今では、久留米や日田など、少し離れた土地から通勤する人が飲んだ帰りに泊まったり、大雪の前日に前乗りしたり、観光以外でも利用されるようになった。遠方からワーケーションで訪れる人も多いという。
地域、年代、職種を問わずさまざまな人々が集う社交場のような存在になりつつある「Farolito」では、お客様にもっとうきは市を楽しんでもらいたいと考えている。

谷川さん
「うきは市は自然と街と文化が融合している街だと思うんです。しかも結構コンパクトだから周りやすいんですね。うちからお客さんをいろんなスポットに連れて行くとか、アクティビティを開発されている事業者さんと協力するとか、今まで築いたネットワークを使って、お客さんにいろんな遊び方を提案したいと思っています」

八代さん
「お客さんが見つけてくれたうきはの過ごし方も拾っていければいいよね。
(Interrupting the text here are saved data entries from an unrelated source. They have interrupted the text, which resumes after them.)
lemma AE_pullback_limit:
  assumes "g1 > 0" "g2 > 0"
  shows "AE q in noiseP. convergent (pullback g1 g2 x q)
    \<and> a_lim g1 g2 x q = a_lim g1 g2 (x mod 2) q \<and> a_lim g1 g2 x q mod 2 = int x mod 2"
  using AE_pullback_eventually_const[OF assms, of x]
proof eventually_elim
  case (elim q)
  then obtain c where c: "\<forall>\<^sub>F n in sequentially. pullback g1 g2 x q n = c \<and> pullback g1 g2 (x mod 2) q n = c"
    by blast
  have cx: "\<forall>\<^sub>F n in sequentially. pullback g1 g2 x q n = c"
    using c by (rule eventually_mono) simp
  have cb: "\<forall>\<^sub>F n in sequentially. pullback g1 g2 (x mod 2) q n = c"
    using c by (rule eventually_mono) simp
  obtain N where "pullback g1 g2 x q N = c"
    using cx by (auto simp: eventually_sequentially)
  then have "c mod 2 = int x mod 2"
    using pullback_parity by metis
  then show ?case
    using eventually_const_imp_lim[OF cx] eventually_const_imp_lim[OF cb] by (simp add: a_lim_def)
qed

theorem corollary4p9:
  fixes g1 g2 :: real
  assumes "g1 > 0" and "g2 > 0"
  shows "(\<forall>x::nat. AE q in noiseP. convergent (pullback g1 g2 x q))
    \<and> (\<forall>x y::nat. even x = even y \<longrightarrow> (AE q in noiseP. a_lim g1 g2 x q = a_lim g1 g2 y q))
    \<and> (\<forall>x y::nat. even x \<and> odd y \<longrightarrow> (AE q in noiseP. a_lim g1 g2 x q \<noteq> a_lim g1 g2 y q))"
proof (intro conjI allI impI)
  fix x :: nat
  show "AE q in noiseP. convergent (pullback g1 g2 x q)"
    using AE_pullback_limit[OF assms, of x] by (rule eventually_mono) simp
next
  fix x y :: nat
  assume "even x = even y"
  then have "x mod 2 = y mod 2"
    by presburger
  show "AE q in noiseP. a_lim g1 g2 x q = a_lim g1 g2 y q"
    using AE_pullback_limit[OF assms, of x] AE_pullback_limit[OF assms, of y]
    by eventually_elim (simp add: \<open>x mod 2 = y mod 2\<close>)
next
  fix x y :: nat
  assume "even x \<and> odd y"
  then have "int x mod 2 \<noteq> int y mod 2"
    by presburger
  show "AE q in noiseP. a_lim g1 g2 x q \<noteq> a_lim g1 g2 y q"
    using AE_pullback_limit[OF assms, of x] AE_pullback_limit[OF assms, of y]
    by eventually_elim (metis \<open>int x mod 2 \<noteq> int y mod 2\<close>)
qed

end
(* For every $n\ge 1$, the Baumslag–Solitar group $BS(1,n)=\langle a,t\mid tat^{-1}=a^n\rangle$ has property (PPH).
   Context: An isometric action on a metric space $Z$ is proper if for all $z\in Z$, $r>0$, $\{g: d(z,gz)\le r\}$ is finite. A group $G$ has property (PPH) if there exist unbounded proper Gromov-hyperbolic (geodesic) spaces $X_1,\ldots,X_l$ on which $G$ acts isometrically and cocompactly such that the diagonal action $g(x_1,\ldots,x_l)=(gx_1,\ldots,gx_l)$ on $\prod_{i=1}^lX_i$ with the $\ell^1$-metric is proper. *)

theory Defs
  imports "HOL-Analysis.Analysis" "HOL-Algebra.Group_Action"
begin

text \<open>Concrete model: the semidirect product Z[1/n] x| Z.  The generators are a = (0, 1) and t = (1, 0);
  one checks t a t^-1 = (0, n) = a^n, and this is the standard realisation of the
  presentation < a, t | t a t^-1 = a^n >.\<close>

definition n_adic :: "nat \<Rightarrow> rat set" where
  "n_adic n = {b. \<exists>j::nat. b * (of_nat n) ^ j \<in> \<int>}"

definition BS1 :: "nat \<Rightarrow> (int \<times> rat) monoid" where
  "BS1 n = \<lparr> carrier = UNIV \<times> n_adic n,
             mult = (\<lambda>(k, b) (k', b'). (k + k', b + (of_nat n) powi k * b')),
             one = (0, 0) \<rparr>"

definition BS_a :: "int \<times> rat" where "BS_a = (0, 1)"
definition BS_t :: "int \<times> rat" where "BS_t = (1, 0)"

definition proper_metric :: "'a set \<Rightarrow> ('a \<Rightarrow> 'a \<Rightarrow> real) \<Rightarrow> bool" where
  "proper_metric M d \<longleftrightarrow>
     (\<forall>x\<in>M. \<forall>r. compactin (Metric_space.mtopology M d) (Metric_space.mcball M d x r))"
lemma transparent_column_block:
  assumes T: "ssyt n \<nu> T" and \<nu>: "is_partition \<nu>" and i: "0 < i" "i \<noteq> length T"
  shows "transparent i (rev (column_block t (length T))) (rev T)"
proof (cases "length T < i")
  case True
  then show ?thesis
    by (intro transparent_neutral) (auto simp: column_block_def)
next
  case False
  define l where "l = length T"
  define a where "a = l - Suc i"
  let ?P = "map (\<lambda>j. replicate t (l - j)) [0..<l]"
  have l: "Suc a < l" "l - a = Suc i" "l - Suc a = i" "l - Suc (Suc a) = i - 1"
    using False i by (auto simp: a_def l_def)
  have front: "transparent i (take a ?P) (take a (rev T))"
    using l by (intro transparent_neutral) (auto simp: l_def take_map)
  have rear: "transparent i (drop (a + 2) ?P) (drop (a + 2) (rev T))"
    using l by (intro transparent_neutral) (auto simp: l_def drop_map)
  have "take 2 (drop a ?P) = [replicate t (Suc i), replicate t i]"
    "take 2 (drop a (rev T)) = [T ! i, T ! (i - 1)]"
    using l by (simp_all add: take_2_drop rev_nth l_def)
  moreover have "i \<notin> set (T ! i)"
    using notin_row_ssyt[OF \<nu> T] l by (simp add: l_def)
  ultimately have middle: "transparent i (take 2 (drop a ?P)) (take 2 (drop a (rev T)))"
    by (simp add: transparent_matched_pair)
  from transparent_take_drop[OF front middle rear] show ?thesis
    by (simp add: rev_column_block l_def)
qed

lemma lower_rows_replicate_prefix:
  assumes "transparent i P R"
  shows "lower_rows i ((replicate t i @ r) # append_rows P R) 0 =
           (case lower_rows i (r # R) 0 of
              Some R' \<Rightarrow> Some (append_rows (replicate t i # P) R')
            | None \<Rightarrow> if 0 < t then Some ((replicate (t - 1) i @ Suc i # r) # append_rows P R) else None)"
  using assms
  by (auto simp: transparent_def open_after_append open_after_replicate lower_word_append
      lower_word_replicate option.map_comp o_def split: option.splits)

text \<open>The new letters \<open>Suc k\<close> of the bottom row are read first and therefore stay
  unmatched.\<close>

lemma Ftab_add_columns_snoc:
  assumes "length T = k"
  shows "Ftab (Suc k) (add_columns t (T @ [r])) =
           (case Ftab (Suc k) (T @ [r]) of
              Some T' \<Rightarrow> Some (add_columns t T')
            | None \<Rightarrow> if 0 < t then Some (add_columns t T @ [replicate (t - 1) (Suc k) @ Suc (Suc k) # r])
                      else None)"
proof -
  have transp: "transparent (Suc k) (rev (column_block t k)) (rev T)"
    using assms by (intro transparent_neutral) (auto simp: column_block_def)
  have rev_add: "rev (add_columns t T) = append_rows (rev (column_block t k)) (rev T)"
    using assms by (simp add: add_columns_def rev_append_rows)
  then have "rev (add_columns t (T @ [r])) = (replicate t (Suc k) @ r) # append_rows (rev (column_block t k)) (rev T)"
    using assms by (simp add: add_columns_snoc)
  then have lower: "lower_rows (Suc k) (rev (add_columns t (T @ [r]))) 0 =
           (case lower_rows (Suc k) (r # rev T) 0 of
              Some R' \<Rightarrow> Some (append_rows (replicate t (Suc k) # rev (column_block t k)) R')
            | None \<Rightarrow> if 0 < t then Some ((replicate (t - 1) (Suc k) @ Suc (Suc k) # r) # rev (add_columns t T))
                      else None)"
    by (simp only: lower_rows_replicate_prefix[OF transp] rev_add)
  have "rev (append_rows (replicate t (Suc k) # rev (column_block t k)) R') = add_columns t (rev R')"
    if "length R' = Suc k" for R'
    using that assms
    by (simp add: add_columns_def rev_append_rows column_block_def)
  moreover have "length R' = Suc k" if "lower_rows (Suc k) (r # rev T) 0 = Some R'" for R'
    using length_lower_rows[OF that] assms by simp
  ultimately show ?thesis
    using lower by (auto simp: Ftab_eq_lower_rows simp del: lower_rows.simps split: option.splits)
qed

lemma add_columns_snoc_ne:
  assumes "0 < t" "length T = k"
  shows "add_columns t T @ [replicate (t - 1) (Suc k) @ Suc (Suc k) # r] \<noteq> add_columns t T'"
proof
  assume eq: "add_columns t T @ [replicate (t - 1) (Suc k) @ Suc (Suc k) # r] = add_columns t T'"
  then have "length T' = Suc k"
    using assms(2) by (metis length_add_columns length_append_singleton)
  then obtain T0 r' where T': "T' = T0 @ [r']" "length T0 = k"
    by (cases T' rule: rev_cases) auto
  with eq have "replicate (t - 1) (Suc k) @ Suc (Suc k) # r = replicate t (Suc k) @ r'"
    by (simp add: add_columns_snoc)
  then have "(replicate (t - 1) (Suc k) @ Suc (Suc k) # r) ! (t - 1) = (replicate t (Suc k) @ r') ! (t - 1)"
    by simp
  with assms(1) show False
    by (simp add: nth_append)
qed

lemma Ftab_add_columns_eq_Some_iff:
  assumes T: "ssyt n \<nu> T" and \<nu>: "is_partition \<nu>" and "0 < i"
  shows "Ftab i (add_columns t T) = Some (add_columns t T') \<longleftrightarrow> Ftab i T = Some T'"
proof (cases "i = length T")
  case False
  have "Ftab i (add_columns t T) = map_option (append_rows (column_block t (length T))) (Ftab i T)"
    unfolding add_columns_def using transparent_column_block[OF T \<nu> \<open>0 < i\<close> False]
    by (rule Ftab_append_rows)
  also have "\<dots> = map_option (add_columns t) (Ftab i T)"
    by (auto simp: add_columns_def dest: length_Ftab intro!: option.map_cong)
  finally show ?thesis
    by (auto simp: add_columns_inject)
next
  case True
  with \<open>0 < i\<close> obtain T0 r where T0: "T = T0 @ [r]" "i = Suc (length T0)"
    by (cases T rule: rev_cases) auto
  then show ?thesis
    using Ftab_add_columns_snoc[of T0 "length T0" t r] add_columns_snoc_ne[of t T0 "length T0" r T']
    by (auto simp: add_columns_inject split: option.splits)
qed

lemma ssyt_add_columns:
  assumes T: "ssyt n \<nu> T" and \<nu>: "is_partition \<nu>" and len: "length \<nu> \<le> n"
  shows "ssyt n (map (\<lambda>x. x + t) \<nu>) (add_columns t T)"
  unfolding ssyt_def
proof (intro conjI ballI allI impI)
  have lengths: "length T = length \<nu>" "\<And>k. k < length T \<Longrightarrow> length (T ! k) = \<nu> ! k"
    using T by (simp_all add: length_ssyt length_row_ssyt)
  show "map length (add_columns t T) = map (\<lambda>x. x + t) \<nu>"
    using lengths by (intro nth_equalityI) (auto simp: nth_add_columns)
  fix row assume "row \<in> set (add_columns t T)"
  then obtain k where k: "k < length T" "row = replicate t (Suc k) @ T ! k"
    by (auto simp: in_set_conv_nth nth_add_columns)
  have "\<forall>x\<in>set (T ! k). Suc k \<le> x"
    using ssyt_entry_ge[OF \<nu> T k(1)] by (auto simp: in_set_conv_nth)
  then show "sorted row"
    using T k unfolding ssyt_def by (auto simp: sorted_append)
  have "T ! k \<in> set T"
    using k by simp
  moreover have "Suc k \<le> n"
    using k lengths len by simp
  moreover fix x assume "x \<in> set row"
  ultimately show "1 \<le> x" "x \<le> n + 1"
    using T k unfolding ssyt_def by auto
next
  fix r c assume rc: "Suc r < length (add_columns t T)" "c < length (add_columns t T ! Suc r)"
  show "add_columns t T ! r ! c < add_columns t T ! Suc r ! c"
  proof (cases "c < t")
    case True
    then show ?thesis
      using rc by (simp add: nth_add_columns nth_append)
  next
    case False
    then have "T ! r ! (c - t) < T ! Suc r ! (c - t)"
      using T rc unfolding ssyt_def by (simp add: nth_add_columns)
    then show ?thesis
      using rc False by (simp add: nth_add_columns nth_append)
  qed
qed

lemma ssyt_drop_columns:
  assumes S: "ssyt n (map (\<lambda>x. x + t) \<nu>) S"
  shows "ssyt n \<nu> (map (drop t) S)"
  unfolding ssyt_def
proof (intro conjI ballI allI impI)
  show "map length (map (drop t) S) = \<nu>"
    using S by (intro nth_equalityI) (simp_all add: length_ssyt length_row_ssyt)
  fix row assume "row \<in> set (map (drop t) S)"
  then obtain row' where row': "row' \<in> set S" "row = drop t row'"
    by auto
  then show "sorted row"
    using S unfolding ssyt_def by (simp add: sorted_wrt_drop)
  fix x assume "x \<in> set row"
  with row' show "1 \<le> x" "x \<le> n + 1"
    using S unfolding ssyt_def by (auto dest: in_set_dropD)
next
  fix r c assume rc: "Suc r < length (map (drop t) S)" "c < length (map (drop t) S ! Suc r)"
  then have "S ! r ! (t + c) < S ! Suc r ! (t + c)"
    using S unfolding ssyt_def by simp
  moreover have "t \<le> length (S ! r)"
    using S rc by (simp add: length_row_ssyt length_ssyt)
  ultimately show "map (drop t) S ! r ! c < map (drop t) S ! Suc r ! c"
    using rc by simp
qed
text \<open>Suprema over {z. \<parallel>z\<parallel>_A = 1}. All quantities are nonnegative; 0 is inserted so that
the (degenerate) empty supremum, occurring only for A = 0, is 0.\<close>
definition opnormA :: "('a::complex_hilbert \<Rightarrow> 'a) \<Rightarrow> ('a \<Rightarrow> 'a) \<Rightarrow> real" where
  "opnormA A T = Sup (insert 0 {normA A (T z) | z. normA A z = 1})"

definition numradA :: "('a::complex_hilbert \<Rightarrow> 'a) \<Rightarrow> ('a \<Rightarrow> 'a) \<Rightarrow> real" where
  "numradA A T = Sup (insert 0 {cmod (innerA A (T z) z) | z. normA A z = 1})"

definition dnumradA :: "('a::complex_hilbert \<Rightarrow> 'a) \<Rightarrow> ('a \<Rightarrow> 'a) \<Rightarrow> real" where
  "dnumradA A T = Sup (insert 0 {sqrt ((cmod (innerA A (T z) z))\<^sup>2 + (normA A (T z)) ^ 4) | z. normA A z = 1})"

end

theory Submission
  imports Defs
begin

text \<open>Write p for the semi-inner product <x,y>_A and J for S^#, so that p(S u, v) = p(u, J v).
  For an A-unit vector z, Buzano's inequality applied to p(Sz,z) p(z,Jz) = |p(Sz,z)|^2 gives
  |p(Sz,z)|^2 <= 1/4 (||Sz||^2 + ||Jz||^2) + 1/2 |p(S^2 z,z)|, while
  ||Sz||^4 = p(z,JSz)^2 <= ||JSz||^2. The three squared seminorms add up to
  Re p((JS + SJ + 4(JS)^2) z, z), which is at most the A-norm of (JS + SJ + 4(JS)^2) z;
  taking suprema over z gives the inequality.

  The rest is making the right-hand side meaningful: adjoints exist by the Riesz representation
  theorem, A A^dagger A = A by orthogonal projection onto ker A, and every S in B_A(H) is bounded
  for the A-seminorm because R S is A-selfadjoint, which lets its A-seminorm be estimated through
  the norms of its powers.\<close>

lemma scaleC_zero_right [simp]: "scaleC c (0::'a::complex_hilbert) = 0"
  using scaleC_add_right[of c 0 0] by simp

lemma Re_cnj_of_real_mult: "Re (cnj (complex_of_real t * c) * c) = t * (cmod c)\<^sup>2"
proof -
  have "Re (cnj (complex_of_real t * c) * c) = t * ((Re c)\<^sup>2 + (Im c)\<^sup>2)"
    by (simp add: power2_eq_square algebra_simps)
  then show ?thesis by (simp only: cmod_power2)
qed

section \<open>Semi-inner products\<close>

locale semi_inner =
  fixes p :: "'a::complex_hilbert \<Rightarrow> 'a \<Rightarrow> complex"
  assumes add_left: "p (x + y) z = p x z + p y z"
    and scaleC_left: "p (scaleC c x) y = c * p x y"
    and commute: "p y x = cnj (p x y)"
    and self_nonneg: "0 \<le> Re (p x x)"
begin

definition snorm :: "'a \<Rightarrow> real" where
  "snorm x = sqrt (Re (p x x))"

lemma zero_left [simp]: "p 0 y = 0"
  using add_left[of 0 0 y] by simp

lemma zero_right [simp]: "p x 0 = 0"
  using commute[of 0 x] by simp

lemma minus_left: "p (- x) y = - p x y"
  using add_left[of x "- x" y] by (simp add: add_eq_0_iff2)

lemma diff_left: "p (x - z) y = p x y - p z y"
  using add_left[of x "- z" y] by (simp add: minus_left)

lemma add_right: "p x (y + z) = p x y + p x z"
  by (metis add_left commute complex_cnj_add)

lemma scaleC_right: "p x (scaleC c y) = cnj c * p x y"
  by (metis scaleC_left commute complex_cnj_mult)

lemma diff_right: "p x (y - z) = p x y - p x z"
  by (metis diff_left commute complex_cnj_diff)

lemma self_real: "p x x = complex_of_real (Re (p x x))"
  using commute[of x x] by (simp add: complex_eq_iff)

lemma snorm_nonneg: "0 \<le> snorm x"
  using self_nonneg[of x] by (simp add: snorm_def)

lemma snorm_power2: "(snorm x)\<^sup>2 = Re (p x x)"
  using self_nonneg[of x] by (simp add: snorm_def)

lemma Re_diff_scaleC_self:
  "Re (p (x - scaleC s y) (x - scaleC s y))
     = Re (p x x) - 2 * Re (cnj s * p x y) + (cmod s)\<^sup>2 * Re (p y y)"
proof -
  have "p (x - scaleC s y) (x - scaleC s y) = p x x - cnj s * p x y - s * cnj (p x y) + s * cnj s * p y y"
    by (simp add: diff_left diff_right scaleC_left scaleC_right commute[of x y] algebra_simps)
  moreover have "s * cnj s * p y y = complex_of_real ((cmod s)\<^sup>2 * Re (p y y))"
    by (subst self_real) (simp add: complex_norm_square[symmetric])
  ultimately show ?thesis by simp
qed

lemma Cauchy_Schwarz: "cmod (p x y) \<le> snorm x * snorm y"
proof -
  define a b c where "a = Re (p x x)" and "b = Re (p y y)" and "c = p x y"
  have "0 \<le> b" by (simp add: b_def self_nonneg)
  have quadratic: "0 \<le> a - 2 * t * (cmod c)\<^sup>2 + t\<^sup>2 * (cmod c)\<^sup>2 * b" for t :: real
  proof -
    have "0 \<le> Re (p (x - scaleC (complex_of_real t * c) y) (x - scaleC (complex_of_real t * c) y))"
      by (rule self_nonneg)
    also have "\<dots> = a - 2 * (t * (cmod c)\<^sup>2) + (cmod (complex_of_real t * c))\<^sup>2 * b"
      unfolding Re_diff_scaleC_self a_def b_def c_def Re_cnj_of_real_mult ..
    finally show ?thesis by (simp add: norm_mult power_mult_distrib)
  qed
  have "(cmod c)\<^sup>2 \<le> a * b"
  proof (cases "b = 0")
    case True
    show ?thesis
    proof (rule ccontr)
      assume "\<not> ?thesis"
      then have "0 < (cmod c)\<^sup>2" using True by simp
      moreover have "0 \<le> a - 2 * ((a + 1) / (2 * (cmod c)\<^sup>2)) * (cmod c)\<^sup>2"
        using quadratic[of "(a + 1) / (2 * (cmod c)\<^sup>2)"] True by simp
      ultimately show False by simp
    qed
  next
    case False
    with \<open>0 \<le> b\<close> have "0 < b" by simp
    have "0 \<le> a - 2 * (1 / b) * (cmod c)\<^sup>2 + (1 / b)\<^sup>2 * (cmod c)\<^sup>2 * b" by (rule quadratic)
    also have "\<dots> = a - (cmod c)\<^sup>2 / b" using \<open>0 < b\<close> by (simp add: field_simps power2_eq_square)
    finally show ?thesis using \<open>0 < b\<close> by (simp add: field_simps)
  qed
  then have "sqrt ((cmod c)\<^sup>2) \<le> sqrt (a * b)" by (rule real_sqrt_le_mono)
  then show ?thesis by (simp add: snorm_def a_def b_def c_def real_sqrt_mult)
qed

lemma Re_le_snorm_mult: "Re (p x y) \<le> snorm x * snorm y"
  using Cauchy_Schwarz[of x y] complex_Re_le_cmod[of "p x y"] by linarith

lemma snorm_scaleC: "snorm (scaleC c x) = cmod c * snorm x"
proof -
  have "p (scaleC c x) (scaleC c x) = complex_of_real ((cmod c)\<^sup>2) * p x x"
    using complex_norm_square[of c] by (simp add: scaleC_left scaleC_right mult.assoc)
  then show ?thesis by (simp add: snorm_def real_sqrt_mult)
qed

lemma snorm_triangle: "snorm (x + y) \<le> snorm x + snorm y"
proof (rule power2_le_imp_le)
  have "(snorm (x + y))\<^sup>2 = Re (p x x) + 2 * Re (p x y) + Re (p y y)"
    by (simp add: snorm_power2 add_left add_right commute[of x y])
  also have "\<dots> \<le> (snorm x)\<^sup>2 + 2 * (snorm x * snorm y) + (snorm y)\<^sup>2"
    using Re_le_snorm_mult[of x y] by (simp add: snorm_power2)
  also have "\<dots> = (snorm x + snorm y)\<^sup>2" by (simp add: power2_sum)
  finally show "(snorm (x + y))\<^sup>2 \<le> (snorm x + snorm y)\<^sup>2" .
  show "0 \<le> snorm x + snorm y" by (simp add: snorm_nonneg add_nonneg_nonneg)
qed

text \<open>Reflecting y in the line through the unit vector e, u = y - 2 p(y,e) e, does not change
  its seminorm, and p(x,e) p(e,y) = (p(x,y) - p(x,u)) / 2.\<close>
lemma Buzano:
  assumes e: "snorm e = 1"
  shows "cmod (p x e * p e y) \<le> 1/2 * (snorm x * snorm y + cmod (p x y))"
proof -
  define u where "u = y - scaleC (2 * p y e) e"
  have "p x u = p x y - 2 * p e y * p x e"
    by (simp add: u_def diff_right scaleC_right commute[of e y])
  then have split: "p x e * p e y = (p x y - p x u) / 2" by (simp add: field_simps)
  have "Re (p e e) = 1" using snorm_power2[of e] e by simp
  then have "Re (p u u) = Re (p y y)"
    by (simp add: u_def Re_diff_scaleC_self Re_cnj_of_real_mult[of 2, simplified]
        norm_mult power_mult_distrib)
  then have "snorm u = snorm y" by (simp add: snorm_def)
  have "cmod (p x e * p e y) \<le> (cmod (p x y) + cmod (p x u)) / 2"
    by (simp add: split norm_divide norm_triangle_ineq4)
  also have "\<dots> \<le> (cmod (p x y) + snorm x * snorm y) / 2"
    using Cauchy_Schwarz[of x u] \<open>snorm u = snorm y\<close> by simp
  finally show ?thesis by simp
qed

lemma Re_adjoint_combination:
  assumes adj: "\<And>u v. p (S u) v = p u (J v)"
  shows "Re (p (J (S z) + S (J z) + scaleC 4 (J (S (J (S z))))) z)
    = (snorm (S z))\<^sup>2 + (snorm (J z))\<^sup>2 + 4 * (snorm (J (S z)))\<^sup>2"
proof -
  have JS: "p (J (S x)) z = cnj (p (S z) (S x))" for x
    using commute[of z "J (S x)"] adj[of z "S x"] by simp
  have "p (J (S (J (S z)))) z = cnj (p (S z) (S (J (S z))))" by (rule JS)
  also have "\<dots> = p (S (J (S z))) (S z)" using commute[of "S z" "S (J (S z))"] by simp
  also have "\<dots> = p (J (S z)) (J (S z))" by (rule adj)
  finally have "p (J (S (J (S z)))) z = p (J (S z)) (J (S z))" .
  moreover have "p (S (J z)) z = p (J z) (J z)" by (simp add: adj)
  ultimately show ?thesis
    by (simp add: add_left scaleC_left JS snorm_power2)
qed

lemma dnumrad_pointwise_le:
  assumes adj: "\<And>u v. p (S u) v = p u (J v)" and z: "snorm z = 1"
  shows "(cmod (p (S z) z))\<^sup>2 + (snorm (S z))^4
    \<le> 1/4 * snorm (J (S z) + S (J z) + scaleC 4 (J (S (J (S z))))) + 1/2 * cmod (p (S (S z)) z)"
proof -
  have "(cmod (p (S z) z))\<^sup>2 = cmod (p (S z) z * p z (J z))"
    by (simp add: norm_mult power2_eq_square flip: adj)
  also have "\<dots> \<le> 1/2 * (snorm (S z) * snorm (J z)) + 1/2 * cmod (p (S (S z)) z)"
    using Buzano[OF z, of "S z" "J z"] by (simp add: adj distrib_left)
  finally have Buzano_bound: "(cmod (p (S z) z))\<^sup>2
      \<le> 1/4 * (snorm (S z))\<^sup>2 + 1/4 * (snorm (J z))\<^sup>2 + 1/2 * cmod (p (S (S z)) z)"
    using sum_squares_bound[of "snorm (S z)" "snorm (J z)"] by (simp add: mult.assoc)
  have "(snorm (S z))\<^sup>2 \<le> snorm (J (S z))"
    using Re_le_snorm_mult[of z "J (S z)"] by (simp add: snorm_power2 z flip: adj)
  then have "((snorm (S z))\<^sup>2)\<^sup>2 \<le> (snorm (J (S z)))\<^sup>2"
    by (rule power_mono) simp
  then have "(snorm (S z))^4 \<le> (snorm (J (S z)))\<^sup>2"
    by (simp flip: power_mult)
  moreover have "Re (p (J (S z) + S (J z) + scaleC 4 (J (S (J (S z))))) z)
      \<le> snorm (J (S z) + S (J z) + scaleC 4 (J (S (J (S z)))))"
    using Re_le_snorm_mult[of "J (S z) + S (J z) + scaleC 4 (J (S (J (S z))))" z] z by simp
  ultimately show ?thesis
    using Buzano_bound Re_adjoint_combination[OF adj, of z] by linarith
qed
(* Let $G$ be a countably infinite graph. If $G$ has pairwise disjoint ruling sets $F_n$ ($n\in\mathbb{N}$) satisfying $|F_n|\le\log_2 n$ for all sufficiently large $n$, then $G$ is not Ramsey-dense; that is, there is a 2-coloring of the edges of $K_\mathbb{N}$ in which every monochromatic copy of $G$ has upper density $0$.
   Context: A set $X\subseteq V(G)$ is ruling if $X$ is finite and all but finitely many vertices of $V(G)\setminus X$ have a neighbor in $X$. $K_{\mathbb{N}}$ is the complete graph on $\mathbb{N}$; a copy of $G$ is a subgraph isomorphic to $G$, monochromatic if all its edges have the same color. $\overline{d}(V)=\limsup_{t\to\infty}|V\cap\{1,\dots,t\}|/t$; $G$ is Ramsey-dense if every 2-coloring of $K_\mathbb{N}$ has a monochromatic copy of $G$ with positive upper density. *)

theory Defs
  imports Complex_Main "HOL-Library.Extended_Real"
begin

definition is_graph :: "('a \<Rightarrow> 'a \<Rightarrow> bool) \<Rightarrow> bool" where
  "is_graph E \<longleftrightarrow> (\<forall>u v. E u v \<longrightarrow> E v u) \<and> (\<forall>v. \<not> E v v)"

definition ruling :: "('a \<Rightarrow> 'a \<Rightarrow> bool) \<Rightarrow> 'a set \<Rightarrow> bool" where
  "ruling E X \<longleftrightarrow> finite X \<and> finite {v. v \<notin> X \<and> \<not> (\<exists>x\<in>X. E v x)}"

definition upper_density :: "nat set \<Rightarrow> ereal" where
  "upper_density V = limsup (\<lambda>t. ereal (real (card (V \<inter> {1..t})) / real t))"
theorem lemma4p2:
  fixes X :: "'m topology" and D :: "'m \<Rightarrow> 'a::euclidean_space \<times> real"
  assumes "DIM('a) \<ge> 3"
    and "developable_spacetime X D"
    and "globally_hyperbolic X D"
    and "p \<in> topspace X"
  shows "Ein_chron_past (D ` chron_past X D p) = Ein_chron_past {D p}"
proof
  show "Ein_chron_past (D ` chron_past X D p) \<subseteq> Ein_chron_past {D p}"
    by (rule Ein_chron_past_trans[OF image_chron_past_subset_Ein_chron_past])
  show "Ein_chron_past {D p} \<subseteq> Ein_chron_past (D ` chron_past X D p)"
    by (rule Ein_chron_past_subset_image_chron_past)
       (use assms(2,4) in \<open>auto simp: developable_spacetime_def\<close>)
qed

end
それに、観光だけではなく、地元の方とのつながりがいろんな事業にリンクすればいいですね」

カフェには観光の手助けになるよう市内の店やイベントのチラシを設置している。ちなみに、この棚は谷川さんのお父様が屋敷の古い階段をリメイクしたもの

うきは市で暮らす人々、観光客、ビジネスで訪れる人など、さまざまな人が行き交う旅の宿「Farolito」。ここで生まれた新しい出会いは、八代さんと谷川さんのアイデアの源にもなっている。ゲストとのふれあいを楽しみながらマイペースで進む二人の姿は、自由を謳歌する旅人のようだ。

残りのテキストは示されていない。